Can you do better than top-level AI models on these basic vision tests?

A bit myopic —

Abstract analysis that is trivial for humans often stymies GPT-4o, Gemini, and Sonnet.

Whatever you do, don't ask the AI how many horizontal lines are in this image.

Enlarge / Whatever you do, don’t ask the AI how many horizontal lines are in this image.

Getty Images

In the last couple of years, we’ve seen amazing advancements in AI systems when it comes to recognizing and analyzing the contents of complicated images. But a new paper highlights how many state-of-the-art “vision learning Models” (VLMs) often fail at simple, low-level visual analysis tasks that are trivially easy for a human.

In the provocatively titled pre-print paper “Vision language models are blind (which has a PDF version that includes a dark sunglasses emoji in the title), researchers from Auburn University and the University of Alberta create eight simple visual acuity tests with objectively correct answers. These range from identifying how often two colored lines intersect to identifying which letter in a long word has been circled to counting how many nested shapes exist in an image (representative examples and results can be viewed on the research team’s webpage).

  • If you can solve these kinds of puzzles, you may have better visual reasoning than state-of-the-art AIs.

  • The puzzles on the right are like something out of Highlights magazine.

  • A representative sample shows AI models failing at a task that most human children would find trivial.

Crucially, these tests are generated by custom code and don’t rely on pre-existing images or tests that could be found on the public Internet, thereby “minimiz[ing] the chance that VLMs can solve by memorization,” according to the researchers. The tests also “require minimal to zero world knowledge” beyond basic 2D shapes, making it difficult for the answer to be inferred from “textual question and choices alone” (which has been identified as an issue for some other visual AI benchmarks).

Are you smarter than a fifth grader?

After running multiple tests across four different visual models—GPT-4o, Gemini-1.5 Pro, Sonnet-3, and Sonnet-3.5—the researchers found all four fell well short of the 100 percent accuracy you might expect for such simple visual analysis tasks (and which most sighted humans would have little trouble achieving). But the size of the AI underperformance varied greatly depending on the specific task. When asked to count the number of rows and columns in a blank grid, for instance, the best-performing model only gave an accurate answer less than 60 percent of the time. On the other hand, Gemini-1.5 Pro hit nearly 93 percent accuracy in identifying circled letters, approaching human-level performance.

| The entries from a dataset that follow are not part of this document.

lemma fundamental_insert:
  assumes ix: "\<forall>j\<in>A. ix j \<le> m \<and> Fj j \<in> Wsp q lam (ix j)"
    and count: "\<forall>i\<le>m. card {j\<in>A. ix j = i} = type_prime c i" and c0: "c 0 > 0"
    and A: "finite A" "x \<notin> A" and W0: "(\<lambda>_. 1) \<in> Wsp q lam 0"
  shows "tensor (insert x A) (Fj(x := \<lambda>_. 1)) \<in> fundamental q lam m c (insert x A)"
  unfolding fundamental_def tensor_def
proof (intro CollectI exI conjI)
  show "\<forall>j\<in>insert x A. (ix(x := 0)) j \<le> m \<and> (Fj(x := \<lambda>_. 1)) j \<in> Wsp q lam ((ix(x := 0)) j)"
    using ix W0 by auto
  show "\<forall>i\<le>m. card {j\<in>insert x A. (ix(x := 0)) j = i} = c i"
  proof (intro allI impI)
    fix i assume "i \<le> m"
    have "{j\<in>insert x A. (ix(x := 0)) j = i} = (if i = 0 then insert x {j\<in>A. ix j = 0} else {j\<in>A. ix j = i})"
      using A(2) by auto
    then show "card {j\<in>insert x A. (ix(x := 0)) j = i} = c i"
      using count \<open>i \<le> m\<close> c0 A by (simp add: type_prime_def)
  qed
qed (rule refl)

lemma Dstar_Pkc:
  assumes W0: "(\<lambda>_. 1) \<in> Wsp q lam 0"
    and G: "G \<in> Pkc n q lam m s (type_prime c)" and c0: "c 0 > 0"
  shows "Dstar n (Suc s) G \<in> Pkc n q lam m (Suc s) c"
  using G unfolding Pkc_def
proof (rule lin_span_image[rotated 2])
  fix g assume "g \<in> (\<Union>A\<in>{A. A \<subseteq> {1..n} \<and> card A = s}. fundamental q lam m (type_prime c) A)"
  then obtain A where A: "A \<subseteq> {1..n}" "card A = s" and g: "g \<in> fundamental q lam m (type_prime c) A"
    by blast
  obtain ix Fj where ix: "\<forall>j\<in>A. ix j \<le> m \<and> Fj j \<in> Wsp q lam (ix j)"
    and count: "\<forall>i\<le>m. card {j\<in>A. ix j = i} = type_prime c i" and g_eq: "g = tensor A Fj"
    using g by (rule fundamentalE)
  have finA: "finite A"
    using A(1) by (rule finite_subset) simp
  have "tensor (insert x A) (Fj(x := \<lambda>_. 1))
      \<in> lin_span (\<Union>A\<in>{A. A \<subseteq> {1..n} \<and> card A = Suc s}. fundamental q lam m c A)"
    if "x \<in> {1..n} - A" for x
    using that A finA fundamental_insert[OF ix count c0 finA _ W0]
    by (intro lin_span_base UN_I[of "insert x A"]) auto
  then have "(\<lambda>\<theta>. \<Sum>x\<in>{1..n} - A. 1 * tensor (insert x A) (Fj(x := \<lambda>_. 1)) \<theta>)
      \<in> lin_span (\<Union>A\<in>{A. A \<subseteq> {1..n} \<and> card A = Suc s}. fundamental q lam m c A)"
    by (intro lin_span_sum) auto
  moreover have "Dstar n (Suc s) g = (\<lambda>\<theta>. \<Sum>x\<in>{1..n} - A. tensor (insert x A) (Fj(x := \<lambda>_. 1)) \<theta>)"
    unfolding g_eq by (rule ext) (rule Dstar_tensor[OF A])
  ultimately show "Dstar n (Suc s) g \<in> lin_span (\<Union>A\<in>{A. A \<subseteq> {1..n} \<and> card A = Suc s}. fundamental q lam m c A)"
    by simp
qed (rule Dstar_lincomb)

  • For some reason, the models tend to incorrectly guess the “o” is circled a lot more often than all the other letters in this test.

  • The models performed perfectly in counting five interlocking circles, a pattern they might be familiar with from common images of the Olympic rings.

  • Do you have an easier time counting columns than rows in a grid? If so, you probably aren’t an AI.

Even small changes to the tasks could also lead to huge changes in results. While all four tested models were able to correctly identify five overlapping hollow circles, the accuracy across all models dropped to well below 50 percent when six to nine circles were involved. The researchers hypothesize that this “suggests that VLMs are biased towards the well-known Olympic logo, which has 5 circles.” In other cases, models occasionally hallucinated nonsensical answers, such as guessing “9,” “n”, or “©” as the circled letter in the word “Subdermatoglyphic.”

Overall, the results highlight how AI models that can perform well at high-level visual reasoning have some significant “blind spots” (sorry) when it comes to low-level abstract images. It’s all somewhat reminiscent of similar capability gaps that we often see in state-of-the-art large language models, which can create extremely cogent summaries of lengthy texts while at the same time failing extremely basic math and spelling questions.

These gaps in VLM capabilities could come down to the inability of these systems to generalize beyond the kinds of content they are explicitly trained on. Yet when the researchers tried fine-tuning a model using specific images drawn from one of their tasks (the “are two circles touching?” test), that model showed only modest improvement, from 17 percent accuracy up to around 37 percent. “The loss values for all these experiments were very close to zero, indicating that the model overfits the training set but fails to generalize,” the researchers write.

The researchers propose that the VLM capability gap may be related to the so-called “late fusion” of vision encoders onto pre-trained large language models. An “early fusion” training approach that integrates visual encoding alongside language training could lead to better results on these low-level tasks, the researchers suggest (without providing any sort of analysis of this question).

Can you do better than top-level AI models on these basic vision tests? Read More »

intuit’s-ai-gamble:-mass-layoff-of-1,800-paired-with-hiring-spree

Intuit’s AI gamble: Mass layoff of 1,800 paired with hiring spree

In the name of AI —

Intuit CEO: “Companies that aren’t prepared to take advantage of [AI] will fall behind.”

Signage for financial software company Intuit at the company's headquarters in the Silicon Valley town of Mountain View, California, August 24, 2016.

On Wednesday, Intuit CEO Sasan Goodarzi announced in a letter to the company that it would be laying off 1,800 employees—about 10 percent of its workforce of around 18,000—while simultaneously planning to hire the same number of new workers as part of a major restructuring effort purportedly focused on AI.

“As I’ve shared many times, the era of AI is one of the most significant technology shifts of our lifetime,” wrote Goodarzi in a blog post on Intuit’s website. “This is truly an extraordinary time—AI is igniting global innovation at an incredible pace, transforming every industry and company in ways that were unimaginable just a few years ago. Companies that aren’t prepared to take advantage of this AI revolution will fall behind and, over time, will no longer exist.”

The CEO says Intuit is in a position of strength and that the layoffs are not cost-cutting related, but they allow the company to “allocate additional investments to our most critical areas to support our customers and drive growth.” With new hires, the company expects its overall headcount to grow in its 2025 fiscal year.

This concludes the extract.